Entries shown Block Start
(* The assignment $A\mapsto F^2$, $B\mapsto F^{12}\,[F(F'')^{-1}]^2=\mathrm{diag}(1,-e^{i\pi/3},e^{2i\pi/3})$, $H_1\mapsto \tilde B E$, $H_3\mapsto E$ extends to a group isomorphism $Fr(162)=\mathcal N\rtimes\langle H_1,H_3\rangle\to D(9,1,1;2,1,1)=\langle F^2,[F(F'')^{-1}]^2\rangle\rtimes\langle \tilde B,E\rangle$. In particular $Fr(162)\cong D(9,1,1;2,1,1)$.
   Context: Let $\omega=e^{2i\pi/3}$. Define $G_1=\mathrm{diag}(e^{7i\pi/9},-e^{4i\pi/9},-e^{7i\pi/9})$, $G_2=\begin{pmatrix}-\tfrac12 e^{4i\pi/9}&\tfrac{1}{\sqrt2}e^{7i\pi/9}&\tfrac12 e^{4i\pi/9}\\ \tfrac{1}{\sqrt2}e^{7i\pi/9}&0&\tfrac{1}{\sqrt2}e^{7i\pi/9}\\ \tfrac12 e^{4i\pi/9}&\tfrac{1}{\sqrt2}e^{7i\pi/9}&-\tfrac12 e^{4i\pi/9}\end{pmatrix}$ and $Fr(162)=\langle G_1,G_2\rangle\subset SU(3)$. Let $A=G_1G_2^2G_1^{-1}=\tfrac12 e^{5i\pi/9}\begin{pmatrix}-1+e^{i\pi/3}&0&1+e^{i\pi/3}\\0&-2&0\\1+e^{i\pi/3}&0&-1+e^{i\pi/3}\end{pmatrix}$, $B=G_1G_2^{-2}G_1=\tfrac12\begin{pmatrix}1+\omega&0&-1+\omega\\0&-2e^{i\pi/3}&0\\-1+\omega&0&1+\omega\end{pmatrix}$, $\mathcal N=\langle A,B\rangle$, $H_1=\begin{pmatrix}-\frac12&-\frac1{\sqrt2}&-\frac12\\-\frac1{\sqrt2}&0&\frac1{\sqrt2}\\-\frac12&\frac1{\sqrt2}&-\frac12\end{pmatrix}$, $H_3=\begin{pmatrix}\frac12&\frac1{\sqrt2}&-\frac12\\\frac1{\sqrt2}&0&\frac1{\sqrt2}\\\frac12&-\frac1{\sqrt2}&-\frac12\end{pmatrix}$ (both in $Fr(162)$). Let $F=\mathrm{diag}(e^{i\pi/9},e^{i\pi/9},e^{-2i\pi/9})$, $F''=\mathrm{diag}(e^{-2i\pi/9},e^{i\pi/9},e^{i\pi/9})$, $E=\begin{pmatrix}0&1&0\\0&0&1\\1&0&0\end{pmatrix}$, $\tilde B=\begin{pmatrix}-1&0&0\\0&0&-1\\0&-1&0\end{pmatrix}$, and $D(9,1,1;2,1,1)=\langle F^2,E,\tilde B\rangle\subset SU(3)$. *)

theory Defs
  imports "HOL-Analysis.Analysis" "HOL-Algebra.Algebra"
begin

type_synonym cmat = "complex^3^3"

definition mat3 :: "complex \<Rightarrow> complex \<Rightarrow> complex \<Rightarrow> complex \<Rightarrow> complex \<Rightarrow> complex
    \<Rightarrow> complex \<Rightarrow> complex \<Rightarrow> complex \<Rightarrow> cmat" where
  "mat3 a b c d e f g h i = vector [vector [a,b,c], vector [d,e,f], vector [g,h,i]]"

definition diag3 :: "complex \<Rightarrow> complex \<Rightarrow> complex \<Rightarrow> cmat" where
  "diag3 a b c = mat3 a 0 0 0 b 0 0 0 c"

definition GL3 :: "cmat monoid" where
  "GL3 = \<lparr>carrier = {M. invertible M}, mult = (**), one = mat 1\<rparr>"

definition gen :: "cmat set \<Rightarrow> cmat set" where
  "gen S = generate GL3 S"

definition grp :: "cmat set \<Rightarrow> cmat monoid" where
  "grp H = GL3\<lparr>carrier := H\<rparr>"

definition "s2 = complex_of_real (1 / sqrt 2)"

definition "G1 = diag3 (cis (7*pi/9)) (- cis (4*pi/9)) (- cis (7*pi/9))"
definition "G2 = mat3
   (- cis (4*pi/9) / 2)  (s2 * cis (7*pi/9))  (cis (4*pi/9) / 2)
   (s2 * cis (7*pi/9))   0                    (s2 * cis (7*pi/9))
   (cis (4*pi/9) / 2)    (s2 * cis (7*pi/9))  (- cis (4*pi/9) / 2)"

definition "Fr162 = gen {G1, G2}"

definition "Amat = G1 ** (G2 ** G2) ** matrix_inv G1"
definition "Bmat = G1 ** matrix_inv (G2 ** G2) ** G1"
definition "Nsub = gen {Amat, Bmat}"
Entries shown Block End
**Required action:**
All entries are to be returned word for word.

**Response for this exercise:**
(* The assignment $A\mapsto F^2$, $B\mapsto F^{12}\,[F(F'')^{-1}]^2=\mathrm{diag}(1,-e^{i\pi/3},e^{2i\pi/3})$, $H_1\mapsto \tilde B E$, $H_3\mapsto E$ extends to a group isomorphism $Fr(162)=\mathcal N\rtimes\langle H_1,H_3\rangle\to D(9,1,1;2,1,1)=\langle F^2,[F(F'')^{-1}]^2\rangle\rtimes\langle \tilde B,E\rangle$. In particular $Fr(162)\cong D(9,1,1;2,1,1)$.
   Context: Let $\omega=e^{2i\pi/3}$. Define $G_1=\mathrm{diag}(e^{7i\pi/9},-e^{4i\pi/9},-e^{7i\pi/9})$, $G_2=\begin{pmatrix}-\tfrac12 e^{4i\pi/9}&\tfrac{1}{\sqrt2}e^{7i\pi/9}&\tfrac12 e^{4i\pi/9}\\ \tfrac{1}{\sqrt2}e^{7i\pi/9}&0&\tfrac{1}{\sqrt2}e^{7i\pi/9}\\ \tfrac12 e^{4i\pi/9}&\tfrac{1}{\sqrt2}e^{7i\pi/9}&-\tfrac12 e^{4i\pi/9}\end{pmatrix}$ and $Fr(162)=\langle G_1,G_2\rangle\subset SU(3)$. Let $A=G_1G_2^2G_1^{-1}=\tfrac12 e^{5i\pi/9}\begin{pmatrix}-1+e^{i\pi/3}&0&1+e^{i\pi/3}\\0&-2&0\\1+e^{i\pi/3}&0&-1+e^{i\pi/3}\end{pmatrix}$, $B=G_1G_2^{-2}G_1=\tfrac12\begin{pmatrix}1+\omega&0&-1+\omega\\0&-2e^{i\pi/3}&0\\-1+\omega&0&1+\omega\end{pmatrix}$, $\mathcal N=\langle A,B\rangle$, $H_1=\begin{pmatrix}-\frac12&-\frac1{\sqrt2}&-\frac12\\-\frac1{\sqrt2}&0&\frac1{\sqrt2}\\-\frac12&\frac1{\sqrt2}&-\frac12\end{pmatrix}$, $H_3=\begin{pmatrix}\frac12&\frac1{\sqrt2}&-\frac12\\\frac1{\sqrt2}&0&\frac1{\sqrt2}\\\frac12&-\frac1{\sqrt2}&-\frac12\end{pmatrix}$ (both in $Fr(162)$). Let $F=\mathrm{diag}(e^{i\pi/9},e^{i\pi/9},e^{-2i\pi/9})$, $F''=\mathrm{diag}(e^{-2i\pi/9},e^{i\pi/9},e^{i\pi/9})$, $E=\begin{pmatrix}0&1&0\\0&0&1\\1&0&0\end{pmatrix}$, $\tilde B=\begin{pmatrix}-1&0&0\\0&0&-1\\0&-1&0\end{pmatrix}$, and $D(9,1,1;2,1,1)=\langle F^2,E,\tilde B\rangle\subset SU(3)$. *)

theory Defs
  imports "HOL-Analysis.Analysis" "HOL-Algebra.Algebra"
begin

type_synonym cmat = "complex^3^3"

definition mat3 :: "complex \<Rightarrow> complex \<Rightarrow> complex \<Rightarrow> complex \<Rightarrow> complex \<Rightarrow> complex
    \<Rightarrow> complex \<Rightarrow> complex \<Rightarrow> complex \<Rightarrow> cmat" where
  "mat3 a b c d e f g h i = vector [vector [a,b,c], vector [d,e,f], vector [g,h,i]]"

definition diag3 :: "complex \<Rightarrow> complex \<Rightarrow> complex \<Rightarrow> cmat" where
  "diag3 a b c = mat3 a 0 0 0 b 0 0 0 c"

definition GL3 :: "cmat monoid" where
  "GL3 = \<lparr>carrier = {M. invertible M}, mult = (**), one = mat 1\<rparr>"

definition gen :: "cmat set \<Rightarrow> cmat set" where
  "gen S = generate GL3 S"

definition grp :: "cmat set \<Rightarrow> cmat monoid" where
  "grp H = GL3\<lparr>carrier := H\<rparr>"

definition "s2 = complex_of_real (1 / sqrt 2)"

definition "G1 = diag3 (cis (7*pi/9)) (- cis (4*pi/9)) (- cis (7*pi/9))"
definition "G2 = mat3
   (- cis (4*pi/9) / 2)  (s2 * cis (7*pi/9))  (cis (4*pi/9) / 2)
   (s2 * cis (7*pi/9))   0                    (s2 * cis (7*pi/9))
   (cis (4*pi/9) / 2)    (s2 * cis (7*pi/9))  (- cis (4*pi/9) / 2)"

definition "Fr162 = gen {G1, G2}"

definition "Amat = G1 ** (G2 ** G2) ** matrix_inv G1"
definition "Bmat = G1 ** matrix_inv (G2 ** G2) ** G1"
definition "Nsub = gen {Amat, Bmat}"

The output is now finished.